Peter’s so-called ‘People’s Crusade’ had left a swathe of destruction all across the lands of middle Europe — the Jews in their path had suffered most, with much slaughter of those who refused to convert added to the burning of synagogues. It had even led to armed conflict once they were inside the boundaries of the empire as they ravaged the countryside through which they passed. On coming to Constantinople they had posed a threat to the city itself and even more to the public peace, added to which Alexius had been required to feed them while they committed arson as a cover for their manifest transgressions.

He was still doing so but now at a pleasing distance; recognising that matters would not improve he had them shipped across to the town of Civetot, on the southern shores of the Gulf of Nicomedia where their depredations were out of his sight as well as those of the inhabitants of his capital. Yet it was far from being without concern given their continued dismal behaviour; he felt a responsibility, if not for their well-being at least for their survival, and the reports he had told him that their conduct had not changed — they were doing to northern Bithynia what they had been stopped from doing within the walls of Constantinople.

Having made his statement in support of the masses he had led here, Peter was obliged to wait for a spoken response — that was the way it should be: no man, however saintly, had the right to hurry a Roman emperor in his musings.
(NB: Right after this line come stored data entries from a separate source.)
(* Let $n\ge2$, $A\in\mathbb{R}^{n\times m}$, $B\in\mathbb{R}^{m\times n}$. If the DSR graph $G_{A,B}$ is steady, then the DSR$^{[2]}$ graph $G^{[2]}_{A,B}$ is steady. In particular, if $G_{A,B}$ is acyclic, then $G^{[2]}_{A,B}$ is steady.
   Context: DSR graphs: for $P\in\mathbb{R}^{n\times m}$, $Q\in\mathbb{R}^{m\times n}$, $G_{P,Q}$ is the signed, labelled bipartite digraph with S-vertices $S_1,\dots,S_n$ and R-vertices $R_1,\dots,R_m$, with an arc $R_j\to S_i$ of sign $\mathrm{sign}(P_{ij})$ iff $P_{ij}\ne0$ and an arc $S_i\to R_j$ of sign $\mathrm{sign}(Q_{ji})$ iff $Q_{ji}\ne0$; antiparallel arcs of equal sign are merged into a single undirected edge. An edge arising from $P_{ij}\ne0$ (R-to-S or undirected) has label $|P_{ij}|$; an edge with only S-to-R orientation has label $\infty$. Walks traverse edges consistently with orientation; a cycle is a nonempty closed walk repeating no vertex except first$=$last (a 2-cycle requires two distinct edges between the same vertices). A cycle $(e_1,\dots,e_{2r})$ is an s-cycle if all its labels are finite and $\prod_{i=1}^r l(e_{2i-1})=\prod_{i=1}^r l(e_{2i})$. A DSR graph is steady if all its cycles are s-cycles, and acyclic if it has no cycles. DSR$^{[2]}$ graph: let $\overline{\mathbf L}^A\in\mathbb{R}^{\binom n2\times mn}$ (rows $(i,j)$, $i<j$; columns $(k,l)$, $1\le k\le m$, $1\le l\le n$) have entries $A_{jk}$ if $l=i$, $-A_{ik}$ if $l=j$, $0$ otherwise, and $\underline{\mathbf L}^B\in\mathbb{R}^{mn\times\binom n2}$ have $(k,l),(i,j)$ entry $B_{kj}$ if $l=i$, $-B_{ki}$ if $l=j$, $0$ otherwise. Then $G^{[2]}_{A,B}:=G_{\overline{\mathbf L}^A,\underline{\mathbf L}^B}$. *)

theory Defs
  imports Main "HOL.Real"
begin

datatype ('s, 'r) dsr_vertex = SV 's | RV 'r

text \<open>An edge is a triple (i, j, b) joining S_i and R_j.
  b = True: the edge arising from P i j \<noteq> 0 (an R-to-S arc, merged into an undirected
  edge if Q j i \<noteq> 0 has the same sign); its label is |P i j|.
  b = False: the edge with only S-to-R orientation, present iff Q j i \<noteq> 0 and
  it was not merged; its label is \<infinity>.\<close>
type_synonym ('s, 'r) dsr_edge = "'s \<times> 'r \<times> bool"

definition dsr_undirected :: "('s \<Rightarrow> 'r \<Rightarrow> real) \<Rightarrow> ('r \<Rightarrow> 's \<Rightarrow> real) \<Rightarrow> 's \<Rightarrow> 'r \<Rightarrow> bool" where
  "dsr_undirected P Q i j \<longleftrightarrow> P i j \<noteq> 0 \<and> Q j i \<noteq> 0 \<and> sgn (P i j) = sgn (Q j i)"

definition dsr_step ::
  "'s set \<Rightarrow> 'r set \<Rightarrow> ('s \<Rightarrow> 'r \<Rightarrow> real) \<Rightarrow> ('r \<Rightarrow> 's \<Rightarrow> real)
   \<Rightarrow> ('s, 'r) dsr_edge \<Rightarrow> ('s, 'r) dsr_vertex \<Rightarrow> ('s, 'r) dsr_vertex \<Rightarrow> bool" where
  "dsr_step SI RI P Q e u v \<longleftrightarrow>
     (case e of (i, j, b) \<Rightarrow> i \<in> SI \<and> j \<in> RI \<and>
       (if b then
          P i j \<noteq> 0 \<and>
          ((u = RV j \<and> v = SV i) \<or> (u = SV i \<and> v = RV j \<and> dsr_undirected P Q i j))
        else
          Q j i \<noteq> 0 \<and> \<not> dsr_undirected P Q i j \<and> u = SV i \<and> v = RV j))"

text \<open>Label of an edge: Some l for a finite label l, None for \<infinity>.\<close>
definition dsr_label :: "('s \<Rightarrow> 'r \<Rightarrow> real) \<Rightarrow> ('s, 'r) dsr_edge \<Rightarrow> real option" where
  "dsr_label P e = (case e of (i, j, b) \<Rightarrow> if b then Some \<bar>P i j\<bar> else None)"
‘It concerns me,’ Alexius said finally, ‘that your people do not confine themselves to the area around Civetot that I have granted to them and in which they may reside till the crusading armies arrive. They raid out from the lands around the port and risk, in their foraging and, dare I say it, plundering, to upset the Turks of Nicaea, who will not sit idly by and let the lands they control be ravaged.’

Your lands, Eminence, Christian lands.’

Tempted to underline the nature of possession, Alexius demurred; Peter held a simple view that all lands were the property of his Christian God, while the Emperor knew that the sword of Islam held greater sway.

‘While the supplies you send us are adequate,’ Peter continued, ‘and you are to be thanked for your Christian charity in providing such, there are those who have come to expect, given they are set upon God’s work, that they deserve more.’

‘What is it you require, Peter?’ Alexius asked suppressing a sigh. Tempted to tell Peter to go to the devil he knew that bribery was so much easier than condemnation.